La familia aconsejó a los hermanos: acepta la mitad del terreno; no es cualquier cosa. Te tocan 97 metros de largo por 35 de ancho, igual que a tu carnal. Pero este decía lo mismo que el otro: ¿Y por qué le voy a dar algo que a mí me corresponde? Los amigos y conocidos les decían: véndele tu mitad a tu hermano y se acaba el pleito. Pero ninguno aceptaba: el orgullo los vencía y la terquedad los cegaba.  

Ellos tenían una hermana, Micaela, a la cual, quizá por su fervor y extrema religiosidad, no le importaban asuntos terrenales, no tanto como las misas, los rosarios y fiestas eclesiásticas, así es que se dedicó a ver de lejos el pleito y a reírse por la codicia de sus consanguíneos. De vez en cuando los visitaba, los encontraba y los saludaba, pero jamás les preguntó cómo iba su bronca.  

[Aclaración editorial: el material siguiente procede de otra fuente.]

text \<open>Matrices A of size m x n are represented as real^'n^'m (rows indexed by 'm).\<close>

definition mp_inverse :: "real^'n^'m \<Rightarrow> real^'m^'n" where
  "mp_inverse A = (THE X. A ** X ** A = A \<and> X ** A ** X = X \<and>
                          transpose (A ** X) = A ** X \<and> transpose (X ** A) = X ** A)"

definition nonneg_mat :: "real^'n^'m \<Rightarrow> bool" where
  "nonneg_mat A \<longleftrightarrow> (\<forall>i j. 0 \<le> A $ i $ j)"

definition col_range :: "real^'n^'m \<Rightarrow> (real^'m) set" where
  "col_range A = range (\<lambda>x. A *v x)"

definition null_space :: "real^'n^'m \<Rightarrow> (real^'n) set" where
  "null_space A = {x. A *v x = 0}"

definition proper_splitting :: "real^'n^'m \<Rightarrow> real^'n^'m \<Rightarrow> real^'n^'m \<Rightarrow> bool" where
  "proper_splitting A U V \<longleftrightarrow> A = U - V \<and> col_range U = col_range A \<and> null_space U = null_space A"

definition proper_weak_regular_splitting :: "real^'n^'m \<Rightarrow> real^'n^'m \<Rightarrow> real^'n^'m \<Rightarrow> bool" where
  "proper_weak_regular_splitting A U V \<longleftrightarrow> proper_splitting A U V \<and>
     nonneg_mat (mp_inverse U) \<and> nonneg_mat (mp_inverse U ** V)"

definition proper_regular_splitting :: "real^'n^'m \<Rightarrow> real^'n^'m \<Rightarrow> real^'n^'m \<Rightarrow> bool" where
  "proper_regular_splitting A U V \<longleftrightarrow> proper_splitting A U V \<and>
     nonneg_mat (mp_inverse U) \<and> nonneg_mat V"

definition diagonal_mat :: "real^'n^'n \<Rightarrow> bool" where
  "diagonal_mat E \<longleftrightarrow> (\<forall>i j. i \<noteq> j \<longrightarrow> E $ i $ j = 0)"

definition proper_weak_regular_multisplitting ::
  "real^'n^'m \<Rightarrow> nat \<Rightarrow> (nat \<Rightarrow> real^'n^'m) \<Rightarrow> (nat \<Rightarrow> real^'n^'m) \<Rightarrow> (nat \<Rightarrow> real^'n^'n) \<Rightarrow> bool" where
  "proper_weak_regular_multisplitting A p U V E \<longleftrightarrow>
     (\<forall>k<p. proper_weak_regular_splitting A (U k) (V k) \<and> nonneg_mat (E k) \<and> diagonal_mat (E k))
     \<and> (\<Sum>k<p. E k) = mat 1"
lemma gradient_of_divbeam_if_LVT_zero:
  fixes u v :: "real^2" and f :: "real^2 \<Rightarrow> real^2"
  assumes "norm u = 1" and "norm v = 1" and indep: "\<forall>a b. a *\<^sub>R u + b *\<^sub>R v = 0 \<longrightarrow> a = 0 \<and> b = 0"
    and cont: "continuous_on UNIV f" and supp: "\<And>y. norm y \<ge> r \<Longrightarrow> f y = 0"
    and LVT_zero: "\<And>x. LVT u v f x = 0"
  shows "((\<lambda>x. - divbeam u (\<lambda>y. f y \<bullet> u) x) has_derivative (\<lambda>h. f x \<bullet> h)) (at x)"
proof (rule has_derivative_from_directional_derivatives[OF _ indep])
  have cont_dir: "continuous_on UNIV (\<lambda>y. f y \<bullet> w)" for w
    using cont by (intro continuous_intros)
  have supp_dir: "f y \<bullet> w = 0" if "norm y \<ge> r" for y w
    using supp[OF that] by simp
  have beams: "divbeam u (\<lambda>y. f y \<bullet> u) = divbeam v (\<lambda>y. f y \<bullet> v)"
  proof
    fix x
    show "divbeam u (\<lambda>y. f y \<bullet> u) x = divbeam v (\<lambda>y. f y \<bullet> v) x"
      using LVT_zero[of x] unfolding LVT_def by linarith
  qed
  show "continuous_on UNIV (\<lambda>y. f y \<bullet> v)"
    by (rule cont_dir)
  fix y s
  show "((\<lambda>s. - divbeam u (\<lambda>y. f y \<bullet> u) (y + s *\<^sub>R u)) has_real_derivative f (y + s *\<^sub>R u) \<bullet> u) (at s)"
    using DERIV_minus[OF divbeam_has_real_derivative_along_ray[OF cont_dir supp_dir assms(1)]] by simp
  show "((\<lambda>s. - divbeam u (\<lambda>y. f y \<bullet> u) (y + s *\<^sub>R v)) has_real_derivative f (y + s *\<^sub>R v) \<bullet> v) (at s)"
    unfolding beams
    using DERIV_minus[OF divbeam_has_real_derivative_along_ray[OF cont_dir supp_dir assms(2)]] by simp
qed simp

lemma LVT_zero_if_gradient:
  fixes u v :: "real^2" and f :: "real^2 \<Rightarrow> real^2"
  assumes "norm u = 1" and "norm v = 1" and grad: "\<And>x. (V has_derivative (\<lambda>h. f x \<bullet> h)) (at x)"
    and supp: "\<And>y. norm y \<ge> r \<Longrightarrow> f y = 0"
  shows "LVT u v f x = 0"
proof -
  obtain c where "\<And>y. norm y > r \<Longrightarrow> V y = c"
    using constant_outside_ball_if_gradient_vanishes[OF _ grad supp] by auto
  then show ?thesis
    unfolding LVT_def using divbeam_of_gradient[OF grad supp] assms(1,2) by simp
qed
(* Let $G$ be a cubic near-bipartite brick with at least six vertices. Then $G$ has a $K_4$-decomposition if and only if $G$ is a tri-ladder.
   Context: Graphs may have multiple edges but no loops. An edge is admissible if it lies in some perfect matching; a connected graph with at least two vertices is matching covered if every edge is admissible. A brick is a 3-connected nonbipartite graph $G$ such that $G-x-y$ has a perfect matching for all distinct $x,y$. A nonbipartite matching covered graph $G$ is near-bipartite if it has a pair of edges $\{e_1,e_2\}$ such that $G-\{e_1,e_2\}$ is bipartite matching covered. For $X\subseteq V(G)$, $\overline{X}=V(G)\setminus X$ and $\partial(X)$ is the set of edges with exactly one end in $X$; the cut is nontrivial if $|X|,|\overline X|\ge 2$. $G/X$ is obtained by contracting $X$ to a single vertex $x$ (removing edges inside $X$), $G/\overline X$ similarly with vertex $\overline x$; these are the $\partial(X)$-contractions, and $G$ is a splicing of $G/X$ and $G/\overline{X}$ at $x$ and $\overline{x}$. A 3-cut-decomposition of a 3-connected cubic graph is obtained by repeatedly choosing a graph in the current list that has a nontrivial 3-cut $C$ and replacing it by its two $C$-contractions, until no graph in the list has a nontrivial 3-cut; it is a $K_4$-decomposition if the final list consists only of copies of $K_4$. A graph has a $K_4$-decomposition if some 3-cut-decomposition of it is a $K_4$-decomposition. $\overline{C_6}$ denotes the complement of the 6-cycle (the triangular prism). A graph $G$ is a tri-ladder if there is a sequence $G_0,\dots,G_r$ ($r\ge0$) with $G_0=\overline{C_6}$, $G_r=G$, and for $1\le i\le r$, $G_i$ is a splicing of $G_{i-1}$ and $K_4$ at a vertex of $G_{i-1}$ lying in a triangle of $G_{i-1}$ and a vertex of $K_4$. *)

theory Defs
  imports Main
begin

text \<open>A graph has a vertex set, an edge set, and an end-function assigning to each
edge its (two-element) set of ends. Parallel edges are allowed; loops are not.\<close>

record ('v, 'e) mgraph =
  gV :: "'v set"
  gE :: "'e set"
  ends :: "'e \<Rightarrow> 'v set"

definition wf_graph :: "('v, 'e) mgraph \<Rightarrow> bool" where
  "wf_graph G \<longleftrightarrow> finite (gV G) \<and> finite (gE G) \<and>
     (\<forall>e\<in>gE G. ends G e \<subseteq> gV G \<and> card (ends G e) = 2)"

definition degree :: "('v, 'e) mgraph \<Rightarrow> 'v \<Rightarrow> nat" where
  "degree G v = card {e \<in> gE G. v \<in> ends G e}"

definition cubic :: "('v, 'e) mgraph \<Rightarrow> bool" where
  "cubic G \<longleftrightarrow> (\<forall>v\<in>gV G. degree G v = 3)"

definition adj :: "('v, 'e) mgraph \<Rightarrow> 'v \<Rightarrow> 'v \<Rightarrow> bool" where
  "adj G u v \<longleftrightarrow> (\<exists>e\<in>gE G. ends G e = {u, v})"

definition connected :: "('v, 'e) mgraph \<Rightarrow> bool" where
  "connected G \<longleftrightarrow> gV G \<noteq> {} \<and> (\<forall>u\<in>gV G. \<forall>v\<in>gV G. (adj G)\<^sup>*\<^sup>* u v)"

definition delete_verts :: "('v, 'e) mgraph \<Rightarrow> 'v set \<Rightarrow> ('v, 'e) mgraph" where
  "delete_verts G S = \<lparr>gV = gV G - S, gE = {e \<in> gE G. ends G e \<inter> S = {}}, ends = ends G\<rparr>"

definition delete_edges :: "('v, 'e) mgraph \<Rightarrow> 'e set \<Rightarrow> ('v, 'e) mgraph" where
  "delete_edges G F = \<lparr>gV = gV G, gE = gE G - F, ends = ends G\<rparr>"

definition k_connected :: "nat \<Rightarrow> ('v, 'e) mgraph \<Rightarrow> bool" where
  "k_connected k G \<longleftrightarrow> card (gV G) > k \<and>
     (\<forall>S. S \<subseteq> gV G \<and> card S < k \<longrightarrow> connected (delete_verts G S))"

definition bipartite :: "('v, 'e) mgraph \<Rightarrow> bool" where
  "bipartite G \<longleftrightarrow> (\<exists>A \<subseteq> gV G. \<forall>e\<in>gE G. card (ends G e \<inter> A) = 1)"

definition perfect_matching :: "('v, 'e) mgraph \<Rightarrow> 'e set \<Rightarrow> bool" where
  "perfect_matching G M \<longleftrightarrow> M \<subseteq> gE G \<and>
     (\<forall>v\<in>gV G. \<exists>!e. e \<in> M \<and> v \<in> ends G e)"

definition has_perfect_matching :: "('v, 'e) mgraph \<Rightarrow> bool" where
  "has_perfect_matching G \<longleftrightarrow> (\<exists>M. perfect_matching G M)"

definition admissible :: "('v, 'e) mgraph \<Rightarrow> 'e \<Rightarrow> bool" where
  "admissible G e \<longleftrightarrow> (\<exists>M. perfect_matching G M \<and> e \<in> M)"

definition matching_covered :: "('v, 'e) mgraph \<Rightarrow> bool" where
  "matching_covered G \<longleftrightarrow> connected G \<and> card (gV G) \<ge> 2 \<and>
     (\<forall>e\<in>gE G. admissible G e)"

definition brick :: "('v, 'e) mgraph \<Rightarrow> bool" where
  "brick G \<longleftrightarrow> k_connected 3 G \<and> \<not> bipartite G \<and>
     (\<forall>x\<in>gV G. \<forall>y\<in>gV G. x \<noteq> y \<longrightarrow> has_perfect_matching (delete_verts G {x, y}))"

definition near_bipartite :: "('v, 'e) mgraph \<Rightarrow> bool" where
  "near_bipartite G \<longleftrightarrow> \<not> bipartite G \<and> matching_covered G \<and>
     (\<exists>e1\<in>gE G. \<exists>e2\<in>gE G. e1 \<noteq> e2 \<and>
        bipartite (delete_edges G {e1, e2}) \<and> matching_covered (delete_edges G {e1, e2}))"

definition iso :: "('v, 'e) mgraph \<Rightarrow> ('w, 'f) mgraph \<Rightarrow> bool" where
  "iso G H \<longleftrightarrow> (\<exists>f g. bij_betw f (gV G) (gV H) \<and> bij_betw g (gE G) (gE H) \<and>
     (\<forall>e\<in>gE G. ends H (g e) = f ` ends G e))"
lemma weakly_octahedral_sphere:
  assumes "weakly_octahedral TYPE('a::real_normed_vector)"
    and "fin_dim_subspace E" "norm f \<le> 1" "0 < \<epsilon>"
  shows "\<exists>y::'a. norm y = 1 \<and> (\<forall>u\<in>E. \<forall>t. norm u = 1 \<and> 0 < t \<longrightarrow> almost_l1_sum f \<epsilon> u (t *\<^sub>R y))"
proof -
  obtain y :: 'a where "norm y = 1"
    and "\<And>x. x \<in> E \<Longrightarrow> (1 - \<epsilon>) * (\<bar>blinfun_apply f x\<bar> + norm y) \<le> norm (x + y)"
    using assms unfolding weakly_octahedral_def by blast
  then have y: "\<And>x. x \<in> E \<Longrightarrow> almost_l1_sum f \<epsilon> x y"
    unfolding almost_l1_sum_def by blast
  have "almost_l1_sum f \<epsilon> u (t *\<^sub>R y)" if "u \<in> E" "0 < t" for u t
  proof -
    have "u /\<^sub>R t \<in> E"
      using assms(2) that(1) unfolding fin_dim_subspace_def by (simp add: subspace_scale)
    then show ?thesis
      using y almost_l1_sum_scaleR[OF that(2), of f \<epsilon> "u /\<^sub>R t" y] that(2) by simp
  qed
  then show ?thesis
    using \<open>norm y = 1\<close> by blast
qed

lemma weakly_octahedralI_sphere:
  assumes "\<And>E f \<epsilon>. fin_dim_subspace (E::'a::real_normed_vector set) \<Longrightarrow> norm f \<le> 1 \<Longrightarrow> 0 < \<epsilon> \<Longrightarrow> \<epsilon> \<le> 1 \<Longrightarrow>
      \<exists>y. norm y = 1 \<and> (\<forall>u\<in>E. \<forall>t. norm u = 1 \<and> 0 < t \<longrightarrow> almost_l1_sum f \<epsilon> u (t *\<^sub>R y))"
  shows "weakly_octahedral TYPE('a)"
  unfolding weakly_octahedral_def
proof (intro allI impI, elim conjE)
  fix E :: "'a set" and f :: "'a \<Rightarrow>\<^sub>L real" and \<epsilon> :: real
  assume "fin_dim_subspace E" "norm f \<le> 1" "0 < \<epsilon>"
  then obtain y where "norm y = 1"
    and y: "\<And>u t. u \<in> E \<Longrightarrow> norm u = 1 \<Longrightarrow> 0 < t \<Longrightarrow> almost_l1_sum f (min \<epsilon> 1) u (t *\<^sub>R y)"
    using assms[of E f "min \<epsilon> 1"] by auto
  have "almost_l1_sum f \<epsilon> x y" if "x \<in> E" for x
  proof (cases "x = 0")
    case True
    then show ?thesis
      using \<open>0 < \<epsilon>\<close> by (simp add: almost_l1_sum_zero_left)
  next
    case False
    have "x /\<^sub>R norm x \<in> E"
      using \<open>fin_dim_subspace E\<close> that unfolding fin_dim_subspace_def by (simp add: subspace_scale)
    then have "almost_l1_sum f (min \<epsilon> 1) (x /\<^sub>R norm x) ((1 / norm x) *\<^sub>R y)"
      using y False by simp
    then have "almost_l1_sum f (min \<epsilon> 1) x y"
      using almost_l1_sum_scaleR[of "norm x" f "min \<epsilon> 1" "x /\<^sub>R norm x" "(1 / norm x) *\<^sub>R y"] False
      by simp
    then show ?thesis
      by (rule almost_l1_sum_mono[rotated]) simp
  qed
  then show "\<exists>y. norm y = 1 \<and> (\<forall>x\<in>E. (1 - \<epsilon>) * (\<bar>blinfun_apply f x\<bar> + norm y) \<le> norm (x + y))"
    using \<open>norm y = 1\<close> unfolding almost_l1_sum_def by blast
qed

lemma almost_l1_sum_finite_sets_if_indexed:
  assumes "\<exists>z::'a::real_normed_vector. z \<noteq> 0"
    and indexed: "\<forall>n::nat. \<forall>x::nat \<Rightarrow> 'a. \<forall>f::'a \<Rightarrow>\<^sub>L real. \<forall>\<epsilon>::real.
         n \<ge> 1 \<and> (\<forall>i\<in>{1..n}. norm (x i) = 1) \<and> norm f \<le> 1 \<and> \<epsilon> > 0 \<longrightarrow>
         (\<exists>y::'a. norm y = 1 \<and>
            (\<forall>i\<in>{1..n}. \<forall>t::real. t \<ge> \<epsilon> \<longrightarrow>
               norm (x i + t *\<^sub>R y) \<ge> (1 - \<epsilon>) * (\<bar>blinfun_apply f (x i)\<bar> + t)))"
    and "finite N" "N \<subseteq> sphere 0 1" "norm f \<le> 1" "0 < \<epsilon>"
  shows "\<exists>y::'a. norm y = 1 \<and> (\<forall>x\<in>N. \<forall>t\<ge>\<epsilon>. almost_l1_sum f \<epsilon> x (t *\<^sub>R y))"
proof (cases "N = {}")
  case True
  obtain z :: 'a where "z \<noteq> 0"
    using assms(1) by blast
  then have "norm (z /\<^sub>R norm z) = 1"
    by simp
  then show ?thesis
    using True by blast
next
  case False
  obtain x where x: "bij_betw x {1..card N} N"
    using ex_bij_betw_nat_finite_1[OF \<open>finite N\<close>] by blast
  have "card N \<ge> 1"
    using False \<open>finite N\<close> by (simp add: Suc_le_eq card_gt_0_iff)
  moreover have "\<forall>i\<in>{1..card N}. norm (x i) = 1"
    using bij_betwE[OF x] \<open>N \<subseteq> sphere 0 1\<close> by auto
  ultimately have "card N \<ge> 1 \<and> (\<forall>i\<in>{1..card N}. norm (x i) = 1) \<and> norm f \<le> 1 \<and> \<epsilon> > 0"
    using \<open>norm f \<le> 1\<close> \<open>0 < \<epsilon>\<close> by blast
  from indexed[rule_format, OF this] obtain y :: 'a where "norm y = 1"
    and y: "\<forall>i\<in>{1..card N}. \<forall>t. t \<ge> \<epsilon> \<longrightarrow>
      norm (x i + t *\<^sub>R y) \<ge> (1 - \<epsilon>) * (\<bar>blinfun_apply f (x i)\<bar> + t)"
    by blast
  have "almost_l1_sum f \<epsilon> u (t *\<^sub>R y)" if "u \<in> N" "t \<ge> \<epsilon>" for u t
  proof -
    have "u \<in> x ` {1..card N}"
      using bij_betw_imp_surj_on[OF x] that(1) by simp
    then obtain i where "i \<in> {1..card N}" "u = x i"
      by blast
    moreover have "0 \<le> t"
      using that(2) \<open>0 < \<epsilon>\<close> by simp
    ultimately show ?thesis
      using y[rule_format, OF \<open>i \<in> {1..card N}\<close> that(2)] \<open>norm y = 1\<close>
      by (simp add: almost_l1_sum_scaleR_unit)
  qed
  then show ?thesis
    using \<open>norm y = 1\<close> by blast
qed

lemma weakly_octahedral_iff_sphere:
  "weakly_octahedral TYPE('a::real_normed_vector) \<longleftrightarrow>
      (\<forall>E::'a set. \<forall>xs::'a \<Rightarrow>\<^sub>L real. \<forall>\<epsilon>::real.
         fin_dim_subspace E \<and> norm xs \<le> 1 \<and> \<epsilon> > 0 \<longrightarrow>
         (\<exists>y::'a. norm y = 1 \<and>
            (\<forall>x\<in>E. \<forall>t::real. norm x = 1 \<and> t > 0 \<longrightarrow>
               norm (x + t *\<^sub>R y) \<ge> (1 - \<epsilon>) * (\<bar>blinfun_apply xs x\<bar> + t))))"
  (is "_ \<longleftrightarrow> (\<forall>E f \<epsilon>. ?hyps E f \<epsilon> \<longrightarrow> (\<exists>y. ?concl E f \<epsilon> y))")
proof -
  have "almost_l1_sum f \<epsilon> x (t *\<^sub>R y) \<longleftrightarrow> (1 - \<epsilon>) * (\<bar>blinfun_apply f x\<bar> + t) \<le> norm (x + t *\<^sub>R y)"
    if "norm y = 1" "0 < t" for f \<epsilon> x t and y :: 'a
    using that by (simp add: almost_l1_sum_scaleR_unit)
  then have concl_eq: "?concl E f \<epsilon> y \<longleftrightarrow>
      norm y = 1 \<and> (\<forall>u\<in>E. \<forall>t. norm u = 1 \<and> 0 < t \<longrightarrow> almost_l1_sum f \<epsilon> u (t *\<^sub>R y))" for E f \<epsilon> y
    by auto
  show ?thesis
    unfolding concl_eq
  proof
    assume "weakly_octahedral TYPE('a)"
    then show "\<forall>E f \<epsilon>. ?hyps E f \<epsilon> \<longrightarrow> (\<exists>y. norm y = 1 \<and>
        (\<forall>u\<in>E. \<forall>t. norm u = 1 \<and> 0 < t \<longrightarrow> almost_l1_sum f \<epsilon> u (t *\<^sub>R y)))"
      using weakly_octahedral_sphere by blast
  qed (intro weakly_octahedralI_sphere, blast)
qed

lemma almost_l1_sum_sphere_if_finite_sets:
  fixes E :: "'a::real_normed_vector set"
  assumes finite_sets: "\<And>N::'a set. \<And>f \<epsilon>. finite N \<Longrightarrow> N \<subseteq> sphere 0 1 \<Longrightarrow> norm f \<le> 1 \<Longrightarrow> 0 < \<epsilon> \<Longrightarrow>
      \<exists>y. norm y = 1 \<and> (\<forall>x\<in>N. \<forall>t\<ge>\<epsilon>. almost_l1_sum f \<epsilon> x (t *\<^sub>R y))"
    and E: "fin_dim_subspace E" and f: "norm f \<le> 1" and "0 < \<epsilon>" "\<epsilon> \<le> 1"
  shows "\<exists>y. norm y = 1 \<and> (\<forall>u\<in>E. \<forall>t. norm u = 1 \<and> 0 < t \<longrightarrow> almost_l1_sum f \<epsilon> u (t *\<^sub>R y))"
proof -
  obtain B where "finite B" "span B = E"
    using E unfolding fin_dim_subspace_def by blast
  define K where "K = E \<inter> sphere 0 1"
  have "K = (span B \<inter> cball 0 1) \<inter> sphere 0 1"
    using \<open>span B = E\<close> by (auto simp: K_def)
  moreover have "closed (sphere (0::'a) 1)"
    unfolding sphere_def by (intro closed_Collect_eq continuous_intros)
  ultimately have "compact K"
    using compact_span_Int_cball[OF \<open>finite B\<close>] by (simp add: compact_Int_closed)
  define \<delta> where "\<delta> = \<epsilon>\<^sup>2 / 8"
  have "\<delta> > 0"
    using \<open>0 < \<epsilon>\<close> by (simp add: \<delta>_def)
  then have "\<exists>N. finite N \<and> N \<subseteq> K \<and> K \<subseteq> (\<Union>x\<in>N. ball x \<delta>)"
    by (rule seq_compact_imp_totally_bounded[OF compact_imp_seq_compact[OF \<open>compact K\<close>], rule_format])
  then obtain N where "finite N" "N \<subseteq> K" and net: "K \<subseteq> (\<Union>x\<in>N. ball x \<delta>)"
    by metis
  obtain y where "norm y = 1" and y: "\<And>x t. x \<in> N \<Longrightarrow> \<epsilon> / 2 \<le> t \<Longrightarrow> almost_l1_sum f (\<epsilon> / 2) x (t *\<^sub>R y)"
    using finite_sets[of N f "\<epsilon> / 2"] \<open>finite N\<close> \<open>N \<subseteq> K\<close> f \<open>0 < \<epsilon>\<close> by (auto simp: K_def)
  have "almost_l1_sum f \<epsilon> u (t *\<^sub>R y)" if "u \<in> E" "norm u = 1" "0 < t" for u t
  proof (cases "t \<le> \<epsilon> / 2")
    case True
    then show ?thesis
      using \<open>norm y = 1\<close> that \<open>0 < \<epsilon>\<close> by (intro almost_l1_sum_if_small f) auto
  next
    case False
    have "u \<in> K"
      using that by (simp add: K_def)
    then have "u \<in> (\<Union>x\<in>N. ball x \<delta>)"
      using net by (rule subsetD[rotated])
    then obtain v where "v \<in> N" "u \<in> ball v \<delta>"
      by blast
    then have "norm (u - v) \<le> \<delta>" and "almost_l1_sum f (\<epsilon> / 2) v (t *\<^sub>R y)"
      using y False by (simp_all add: dist_norm norm_minus_commute)
    then have "(1 - \<epsilon> / 2) * (\<bar>blinfun_apply f u\<bar> + norm (t *\<^sub>R y)) - 2 * \<delta> \<le> norm (u + t *\<^sub>R y)"
      using \<open>0 < \<epsilon>\<close> \<open>\<epsilon> \<le> 1\<close> by (intro almost_l1_sum_perturb[OF f]) auto
    then have "(1 - \<epsilon> / 2) * (\<bar>blinfun_apply f u\<bar> + t) - 2 * \<delta> \<le> norm (u + t *\<^sub>R y)"
      using \<open>norm y = 1\<close> \<open>0 < t\<close> by simp
    moreover have "2 * \<delta> \<le> \<epsilon> / 2 * (\<bar>blinfun_apply f u\<bar> + t)"
      using False \<open>0 < \<epsilon>\<close> mult_left_mono[of "\<epsilon> / 2" "\<bar>blinfun_apply f u\<bar> + t" "\<epsilon> / 2"]
      by (simp add: \<delta>_def power2_eq_square)
    moreover have "(1 - \<epsilon>) * (\<bar>blinfun_apply f u\<bar> + t) =
        (1 - \<epsilon> / 2) * (\<bar>blinfun_apply f u\<bar> + t) - \<epsilon> / 2 * (\<bar>blinfun_apply f u\<bar> + t)"
      by (simp add: algebra_simps)
    ultimately show ?thesis
      using \<open>norm y = 1\<close> \<open>0 < t\<close> by (simp add: almost_l1_sum_scaleR_unit)
  qed
  then show ?thesis
    using \<open>norm y = 1\<close> by blast
qed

Los hijos de ambos, primos en primera línea, no compraron el pleito de sus padres y se saludaban, se frecuentaban y hasta convivían sin apasionarse por el tema o tomar partido, nunca la situación fue motivo de desencuentros o discusiones de los primos y, por el contrario, en una ocasión coincidieron en apoyar a sus papás en la búsqueda de una solución legal y amistosa. Pero tampoco tuvieron resultados: sus jefes ni siquiera los escucharon.  

Así es que pasó el tiempo entre abogados, juzgados, careos, testigos, oficinas municipales y aportación de pruebas, pero sobre todo, entre la pérdida de tiempo y de dinero. Mucho dinero, ni los abogados ni las autoridades ni los funcionarios menores tenían llenadera. Cuando se dieron cuenta ya los había alcanzado el 2020: 17 años de un pleito largo, caro, tedioso, desgastante, pero, sobre todo, sin visos de solución, cualquiera que fuera.  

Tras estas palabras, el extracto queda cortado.